▸ **Activity**:
Within the entries below, find every line that has the string "shows", then copy it.
___ Provided data ___
(* Let $\alpha\in(0,1]$, let $F\in C^{1,\alpha}_{\mathsf h}(\mathbb H,\mathbb R^2)$, let $p\in\mathbb H$ be a nondegenerate point for $F$, let $I\subseteq\mathbb R$ be an interval and let $\gamma:I\to\mathbb H$ be a solution to the level set differential equation (LSDE) associated to $F$ and $p$. Then there exist $\delta>0$ and $\varrho>0$ such that $$|t-s|^{1/2}\le \varrho\,\mathsf d(\gamma_s,\gamma_t)\quad\text{for all } s,t\in I \text{ with } |t-s|\le 2\delta.$$
   Context: The Heisenberg group $\mathbb H$ is $\mathbb R^3$ with product $(x^1,x^2,x^3)(y^1,y^2,y^3)=(x^1+y^1,x^2+y^2,x^3+y^3+x^1y^2-x^2y^1)$ (identity $0$, inverse $x^{-1}=-x$). For $x\in\mathbb H$ write $x^{\mathsf h}=(x^1,x^2)\in\mathbb R^2$, $x^{\mathsf v}=x^3$, $[x]^{\mathsf h}=|x^{\mathsf h}|$, $[x]^{\mathsf v}=\sqrt{|x^3|}$. Dilations are $\delta_r(x)=(rx^1,rx^2,r^2x^3)$. $\mathsf d$ is a fixed distance on $\mathbb H$ which is left-invariant ($\mathsf d(zx,zy)=\mathsf d(x,y)$) and $1$-homogeneous ($\mathsf d(\delta_rx,\delta_ry)=r\,\mathsf d(x,y)$); $B(x,r)$ denotes the open $\mathsf d$-ball. Horizontal vector fields: $X_1=\partial_1-x^2\partial_3$, $X_2=\partial_2+x^1\partial_3$. For $\alpha\in(0,1]$, $C^{1,\alpha}_{\mathsf h}(\mathbb H,\mathbb R^k)$ is the set of $F:\mathbb H\to\mathbb R^k$ such that $X_1F,X_2F$ exist everywhere and the horizontal Jacobian $\nabla_{\mathsf h}F=[X_1F,X_2F]$ (a $k\times2$ matrix) is $\alpha$-Hölder with respect to $\mathsf d$ on every bounded set. A point $p$ is nondegenerate for $F:\mathbb H\to\mathbb R^2$ if $\nabla_{\mathsf h}F(p)$ is invertible. Set $\mathrm R(x,y):=F(y)-F(x)-\nabla_{\mathsf h}F(x)\,(x^{-1}y)^{\mathsf h}$. LSDE: given $F\in C^{1,\alpha}_{\mathsf h}(\mathbb H,\mathbb R^2)$, $p$ nondegenerate and an interval $I$, a continuous $\gamma:I\to\mathbb H$ is a solution if for all $s,t\in I$: $(\gamma_s^{-1}\gamma_t)^{\mathsf h}=-\nabla_{\mathsf h}F(p)^{-1}(\mathrm R(p,\gamma_t)-\mathrm R(p,\gamma_s))$ and $(\gamma_s^{-1}\gamma_t)^{\mathsf v}=t-s+\mathbb E_{st}$, where $\mathbb E:I^2\to\mathbb R$ satisfies $\|\mathbb E\|:=\sup_{s\neq t}|\mathbb E_{st}|/|t-s|^{1+\alpha}<\infty$. *)

theory Defs
  imports "HOL-Analysis.Analysis"
begin

type_synonym heis = "real \<times> real \<times> real"

definition hmul :: "heis \<Rightarrow> heis \<Rightarrow> heis" where
  "hmul x y = (fst x + fst y, fst (snd x) + fst (snd y),
       snd (snd x) + snd (snd y) + fst x * fst (snd y) - fst (snd x) * fst y)"

definition hinv :: "heis \<Rightarrow> heis" where
  "hinv x = - x"

definition dil :: "real \<Rightarrow> heis \<Rightarrow> heis" where
  "dil r x = (r * fst x, r * fst (snd x), r\<^sup>2 * snd (snd x))"

definition hpart :: "heis \<Rightarrow> real^2" where
  "hpart x = vector [fst x, fst (snd x)]"

definition vpart :: "heis \<Rightarrow> real" where
  "vpart x = snd (snd x)"

definition homog_left_inv_dist :: "(heis \<Rightarrow> heis \<Rightarrow> real) \<Rightarrow> bool" where
  "homog_left_inv_dist d \<longleftrightarrow>
     (\<forall>x y. 0 \<le> d x y) \<and> (\<forall>x y. d x y = 0 \<longleftrightarrow> x = y) \<and> (\<forall>x y. d x y = d y x) \<and>
     (\<forall>x y z. d x z \<le> d x y + d y z) \<and>
     (\<forall>x y z. d (hmul z x) (hmul z y) = d x y) \<and>
     (\<forall>r x y. r > 0 \<longrightarrow> d (dil r x) (dil r y) = r * d x y)"

text \<open>Horizontal derivatives: X1 F (x) = d/dt F(x (t,0,0)) at t = 0, i.e.
  (d_1 - x2 d_3) F; X2 F (x) = d/dt F(x (0,t,0)) at t = 0, i.e. (d_2 + x1 d_3) F.\<close>
definition X1 :: "(heis \<Rightarrow> real^2) \<Rightarrow> heis \<Rightarrow> real^2" where
  "X1 F x = vector_derivative (\<lambda>t. F (hmul x (t, 0, 0))) (at 0)"

definition X2 :: "(heis \<Rightarrow> real^2) \<Rightarrow> heis \<Rightarrow> real^2" where
  "X2 F x = vector_derivative (\<lambda>t. F (hmul x (0, t, 0))) (at 0)"

definition nabla_h :: "(heis \<Rightarrow> real^2) \<Rightarrow> heis \<Rightarrow> real^2^2" where
  "nabla_h F x = (\<chi> i j. if j = 1 then X1 F x $ i else X2 F x $ i)"

definition C1alpha_h :: "(heis \<Rightarrow> heis \<Rightarrow> real) \<Rightarrow> real \<Rightarrow> (heis \<Rightarrow> real^2) \<Rightarrow> bool" where
  "C1alpha_h d \<alpha> F \<longleftrightarrow>
     (\<forall>x. (\<lambda>t. F (hmul x (t, 0, 0))) differentiable (at 0) \<and>
          (\<lambda>t. F (hmul x (0, t, 0))) differentiable (at 0)) \<and>
     (\<forall>K. (\<exists>R. \<forall>x\<in>K. d 0 x \<le> R) \<longrightarrow>
          (\<exists>C. \<forall>x\<in>K. \<forall>y\<in>K. norm (nabla_h F x - nabla_h F y) \<le> C * d x y powr \<alpha>))"

definition nondegenerate :: "(heis \<Rightarrow> real^2) \<Rightarrow> heis \<Rightarrow> bool" where
  "nondegenerate F p \<longleftrightarrow> invertible (nabla_h F p)"

definition Rem :: "(heis \<Rightarrow> real^2) \<Rightarrow> heis \<Rightarrow> heis \<Rightarrow> real^2" where
  "Rem F x y = F y - F x - nabla_h F x *v hpart (hmul (hinv x) y)"

definition LSDE_solution ::
  "real \<Rightarrow> (heis \<Rightarrow> real^2) \<Rightarrow> heis \<Rightarrow> real set \<Rightarrow> (real \<Rightarrow> heis) \<Rightarrow> bool" where
  "LSDE_solution \<alpha> F p I \<gamma> \<longleftrightarrow>
     continuous_on I \<gamma> \<and>
     (\<forall>s\<in>I. \<forall>t\<in>I. hpart (hmul (hinv (\<gamma> s)) (\<gamma> t)) =
         - (matrix_inv (nabla_h F p) *v (Rem F p (\<gamma> t) - Rem F p (\<gamma> s)))) \<and>
     (\<exists>E :: real \<Rightarrow> real \<Rightarrow> real.
         (\<forall>s\<in>I. \<forall>t\<in>I. vpart (hmul (hinv (\<gamma> s)) (\<gamma> t)) = t - s + E s t) \<and>
         (\<exists>M. \<forall>s\<in>I. \<forall>t\<in>I. s \<noteq> t \<longrightarrow> \<bar>E s t\<bar> \<le> M * \<bar>t - s\<bar> powr (1 + \<alpha>)))"

end

theory Submission
  imports Defs
begin

text \<open>Only the vertical component of the LSDE matters: the vertical coordinate of
  (gamma s)^-1 (gamma t) is t - s up to an error O(|t - s|^(1+alpha)), hence at least |t - s|/2
  for nearby times. On the other hand, for every left-invariant homogeneous distance the vertical
  coordinate of x is controlled by d(0, x)^2: comparing x with x x and the dilation of x x by 1/2,
  whose horizontal parts agree, isolates the vertical point (0, 0, v/2), and homogeneity gives
  d(0, (0, 0, w)) = sqrt |w| d(0, (0, 0, 1)).\<close>

lemma hmul_zero_right [simp]: "hmul x 0 = x"
  by (simp add: hmul_def zero_prod_def)

lemma hmul_hinv_left [simp]: "hmul (hinv x) x = 0"
  by (cases x) (simp add: hmul_def hinv_def zero_prod_def)

lemma hmul_uminus_right [simp]: "hmul x (- x) = 0"
  by (cases x) (simp add: hmul_def algebra_simps zero_prod_def)

context
  fixes d :: "heis \<Rightarrow> heis \<Rightarrow> real"
  assumes d: "homog_left_inv_dist d"
begin

lemma dist_nonneg: "0 \<le> d x y"
  and dist_eq_0_iff: "d x y = 0 \<longleftrightarrow> x = y"
  and dist_commute: "d x y = d y x"
  and dist_triangle: "d x z \<le> d x y + d y z"
  and dist_hmul_left: "d (hmul z x) (hmul z y) = d x y"
  and dist_dil: "r > 0 \<Longrightarrow> d (dil r x) (dil r y) = r * d x y"
  using d unfolding homog_left_inv_dist_def by blast+

lemma dist_origin_vertical_unit_pos: "d 0 (0, 0, 1) > 0"
  using dist_nonneg dist_eq_0_iff by (simp add: less_le zero_prod_def)

lemma dist_eq_dist_origin: "d x y = d 0 (hmul (hinv x) y)"
  using dist_hmul_left[of "hinv x" x y] by simp

lemma dist_origin_uminus: "d 0 (- x) = d 0 x"
  using dist_hmul_left[of x 0 "- x"] by (simp add: dist_commute)

lemma dist_origin_vertical: "d 0 (0, 0, w) = sqrt \<bar>w\<bar> * d 0 (0, 0, 1)"
proof -
  have pos: "d 0 (0, 0, w) = sqrt w * d 0 (0, 0, 1)" if "w > 0" for w
  proof -
    have "dil (sqrt w) (0, 0, 1) = (0, 0, w)" "dil (sqrt w) 0 = 0"
      using that by (simp_all add: dil_def zero_prod_def)
    then show ?thesis
      using dist_dil[of "sqrt w" 0 "(0, 0, 1)"] that by simp
  qed
  consider "w > 0" | "w = 0" | "w < 0" by linarith
  then show ?thesis
  proof cases
    case 1
    then show ?thesis using pos[OF 1] by simp
  next
    case 2
    then show ?thesis by (simp add: dist_eq_0_iff zero_prod_def)
  next
    case 3
    have "- (0, 0, - w) = ((0, 0, w) :: heis)" by simp
    then have "d 0 (0, 0, w) = d 0 (0, 0, - w)"
      using dist_origin_uminus[of "(0, 0, - w)"] by simp
    with 3 show ?thesis using pos[of "- w"] by simp
  qed
qed

lemma vpart_le_dist_origin: "sqrt \<bar>vpart x\<bar> * d 0 (0, 0, 1) \<le> 2 * sqrt 2 * d 0 x"
proof -
  obtain h1 h2 v where x: "x = (h1, h2, v)" by (cases x)
  define u where "u = (h1, h2, v / 2)"
  have "d 0 (hmul x x) \<le> d 0 x + d x (hmul x x)"
    by (rule dist_triangle)
  also have "d x (hmul x x) = d 0 x"
    using dist_hmul_left[of x 0 x] by simp
  finally have xx: "d 0 (hmul x x) \<le> 2 * d 0 x" by simp
  have "dil (1/2) (hmul x x) = u"
    by (simp add: x u_def hmul_def dil_def power2_eq_square)
  moreover have "dil (1/2) 0 = 0"
    by (simp add: dil_def zero_prod_def)
  ultimately have "d 0 u = d 0 (hmul x x) / 2"
    using dist_dil[of "1/2" 0 "hmul x x"] by simp
  with xx have u: "d 0 u \<le> d 0 x" by simp
  have "d 0 (0, 0, v / 2) \<le> d 0 x + d x (0, 0, v / 2)"
    by (rule dist_triangle)
  also have "hmul x (- u) = (0, 0, v / 2)"
    by (simp add: x u_def hmul_def algebra_simps)
  then have "d x (0, 0, v / 2) = d 0 (- u)"
    using dist_hmul_left[of x 0 "- u"] by simp
  also have "d 0 (- u) \<le> d 0 x"
    using u by (simp add: dist_origin_uminus)
  finally have "sqrt (\<bar>v\<bar> / 2) * d 0 (0, 0, 1) \<le> 2 * d 0 x"
    using dist_origin_vertical[of "v / 2"] by simp
  then have "sqrt 2 * (sqrt (\<bar>v\<bar> / 2) * d 0 (0, 0, 1)) \<le> sqrt 2 * (2 * d 0 x)"
    by (rule mult_left_mono) simp
  moreover have "sqrt 2 * sqrt (\<bar>v\<bar> / 2) = sqrt \<bar>v\<bar>"
    by (simp add: real_sqrt_mult[symmetric])
  ultimately show ?thesis
    by (simp add: x vpart_def mult.assoc[symmetric] mult.commute[of 2])
qed

end

lemma powr_error_le_half:
  fixes M \<alpha> :: real
  assumes "\<alpha> > 0"
  shows "\<exists>\<delta>>0. \<forall>\<tau>. \<bar>\<tau>\<bar> \<le> \<delta> \<longrightarrow> M * \<bar>\<tau>\<bar> powr (1 + \<alpha>) \<le> \<bar>\<tau>\<bar> / 2"
proof (intro exI conjI allI impI)
  define M' where "M' = max M 0 + 1"
  have M': "M' > 0" "M \<le> M'" unfolding M'_def by simp_all
  show "(1 / (2 * M')) powr (1 / \<alpha>) > 0"
    using M' by simp
  fix \<tau> :: real
  assume "\<bar>\<tau>\<bar> \<le> (1 / (2 * M')) powr (1 / \<alpha>)"
  then have "\<bar>\<tau>\<bar> powr \<alpha> \<le> ((1 / (2 * M')) powr (1 / \<alpha>)) powr \<alpha>"
    using assms by (intro powr_mono2) simp_all
  also have "\<dots> = 1 / (2 * M')"
    using assms M' by (simp add: powr_powr)
  finally have small: "\<bar>\<tau>\<bar> powr \<alpha> \<le> 1 / (2 * M')" .
  have "M * \<bar>\<tau>\<bar> powr (1 + \<alpha>) \<le> M' * (\<bar>\<tau>\<bar> * \<bar>\<tau>\<bar> powr \<alpha>)"
    using M' by (simp add: powr_add mult_right_mono)
  also have "\<dots> \<le> M' * (\<bar>\<tau>\<bar> * (1 / (2 * M')))"
    using M' small by (intro mult_left_mono) simp_all
  also have "\<dots> = \<bar>\<tau>\<bar> / 2"
    using M' by simp
  finally show "M * \<bar>\<tau>\<bar> powr (1 + \<alpha>) \<le> \<bar>\<tau>\<bar> / 2" .
qed

lemma LSDE_solution_vpart_ge_half:
  assumes "LSDE_solution \<alpha> F p I \<gamma>" and "\<alpha> > 0"
  shows "\<exists>\<delta>>0. \<forall>s\<in>I. \<forall>t\<in>I. \<bar>t - s\<bar> \<le> 2 * \<delta> \<longrightarrow>
           \<bar>t - s\<bar> \<le> 2 * \<bar>vpart (hmul (hinv (\<gamma> s)) (\<gamma> t))\<bar>"
proof -
  obtain E M where vert: "\<And>s t. s \<in> I \<Longrightarrow> t \<in> I \<Longrightarrow>
        vpart (hmul (hinv (\<gamma> s)) (\<gamma> t)) = t - s + E s t"
    and err: "\<And>s t. s \<in> I \<Longrightarrow> t \<in> I \<Longrightarrow> s \<noteq> t \<Longrightarrow> \<bar>E s t\<bar> \<le> M * \<bar>t - s\<bar> powr (1 + \<alpha>)"
    using assms(1) unfolding LSDE_solution_def by blast
  obtain \<delta>' where "\<delta>' > 0" and \<delta>': "\<And>\<tau>. \<bar>\<tau>\<bar> \<le> \<delta>' \<Longrightarrow> M * \<bar>\<tau>\<bar> powr (1 + \<alpha>) \<le> \<bar>\<tau>\<bar> / 2"
    using powr_error_le_half[OF assms(2), of M] by blast
  define \<delta> where "\<delta> = \<delta>' / 2"
  have "\<delta> > 0" and \<delta>: "\<And>\<tau>. \<bar>\<tau>\<bar> \<le> 2 * \<delta> \<Longrightarrow> M * \<bar>\<tau>\<bar> powr (1 + \<alpha>) \<le> \<bar>\<tau>\<bar> / 2"
    using \<open>\<delta>' > 0\<close> \<delta>' by (simp_all add: \<delta>_def)
  have "\<bar>t - s\<bar> \<le> 2 * \<bar>vpart (hmul (hinv (\<gamma> s)) (\<gamma> t))\<bar>"
    if "s \<in> I" "t \<in> I" "\<bar>t - s\<bar> \<le> 2 * \<delta>" for s t
  proof (cases "s = t")
    case False
    then have "\<bar>E s t\<bar> \<le> \<bar>t - s\<bar> / 2"
      using err[OF that(1,2)] \<delta>[OF that(3)] by linarith
    then show ?thesis
      using vert[OF that(1,2)] by (simp add: abs_if split: if_splits)
  qed simp
  with \<open>\<delta> > 0\<close> show ?thesis by blast
qed

theorem mainTheorem1:
  fixes d :: "heis \<Rightarrow> heis \<Rightarrow> real" and \<alpha> :: real and F :: "heis \<Rightarrow> real^2"
    and p :: heis and I :: "real set" and \<gamma> :: "real \<Rightarrow> heis"
  assumes "homog_left_inv_dist d"
    and "0 < \<alpha>" and "\<alpha> \<le> 1"
    and "C1alpha_h d \<alpha> F"
    and "nondegenerate F p"
    and "is_interval I"
    and "LSDE_solution \<alpha> F p I \<gamma>"
  shows "\<exists>\<delta>>0. \<exists>\<rho>>0. \<forall>s\<in>I. \<forall>t\<in>I. \<bar>t - s\<bar> \<le> 2 * \<delta> \<longrightarrow>
           sqrt \<bar>t - s\<bar> \<le> \<rho> * d (\<gamma> s) (\<gamma> t)"
proof -
  obtain \<delta> where "\<delta> > 0" and \<delta>: "\<And>s t. s \<in> I \<Longrightarrow> t \<in> I \<Longrightarrow> \<bar>t - s\<bar> \<le> 2 * \<delta> \<Longrightarrow>
      \<bar>t - s\<bar> \<le> 2 * \<bar>vpart (hmul (hinv (\<gamma> s)) (\<gamma> t))\<bar>"
    using LSDE_solution_vpart_ge_half[OF assms(7,2)] by blast
  define A where "A = d 0 (0, 0, 1)"
  have "A > 0"
    unfolding A_def by (rule dist_origin_vertical_unit_pos[OF assms(1)])
  have "sqrt \<bar>t - s\<bar> \<le> 4 / A * d (\<gamma> s) (\<gamma> t)"
    if "s \<in> I" "t \<in> I" "\<bar>t - s\<bar> \<le> 2 * \<delta>" for s t
  proof -
    define v where "v = vpart (hmul (hinv (\<gamma> s)) (\<gamma> t))"
    have "sqrt \<bar>t - s\<bar> * A \<le> sqrt 2 * sqrt \<bar>v\<bar> * A"
      using \<delta>[OF that] \<open>A > 0\<close> unfolding v_def real_sqrt_mult[symmetric]
      by (intro mult_right_mono real_sqrt_le_mono) simp_all
    also have "\<dots> \<le> sqrt 2 * (2 * sqrt 2 * d (\<gamma> s) (\<gamma> t))"
      using vpart_le_dist_origin[OF assms(1), of "hmul (hinv (\<gamma> s)) (\<gamma> t)"]
      unfolding mult.assoc v_def A_def dist_eq_dist_origin[OF assms(1), of "\<gamma> s"]
      by (rule mult_left_mono) simp
    also have "\<dots> = 4 * d (\<gamma> s) (\<gamma> t)"
      by simp
    finally show ?thesis
      using \<open>A > 0\<close> by (simp add: field_simps)
  qed
  with \<open>\<delta> > 0\<close> \<open>A > 0\<close> show ?thesis
    by (intro exI[of _ \<delta>] conjI exI[of _ "4 / A"]) auto
qed

end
___
▸ **Expected answer**:
  shows "\<exists>\<delta>>0. \<forall>\<tau>. \<bar>\<tau>\<bar> \<le> \<delta> \<longrightarrow> M * \<bar>\<tau>\<bar> powr (1 + \<alpha>) \<le> \<bar>\<tau>\<bar> / 2"
  shows "\<exists>\<delta>>0. \<forall>s\<in>I. \<forall>t\<in>I. \<bar>t - s\<bar> \<le> 2 * \<delta> \<longrightarrow>
  shows "\<exists>\<delta>>0. \<exists>\<rho>>0. \<forall>s\<in>I. \<forall>t\<in>I. \<bar>t - s\<bar> \<le> 2 * \<delta> \<longrightarrow>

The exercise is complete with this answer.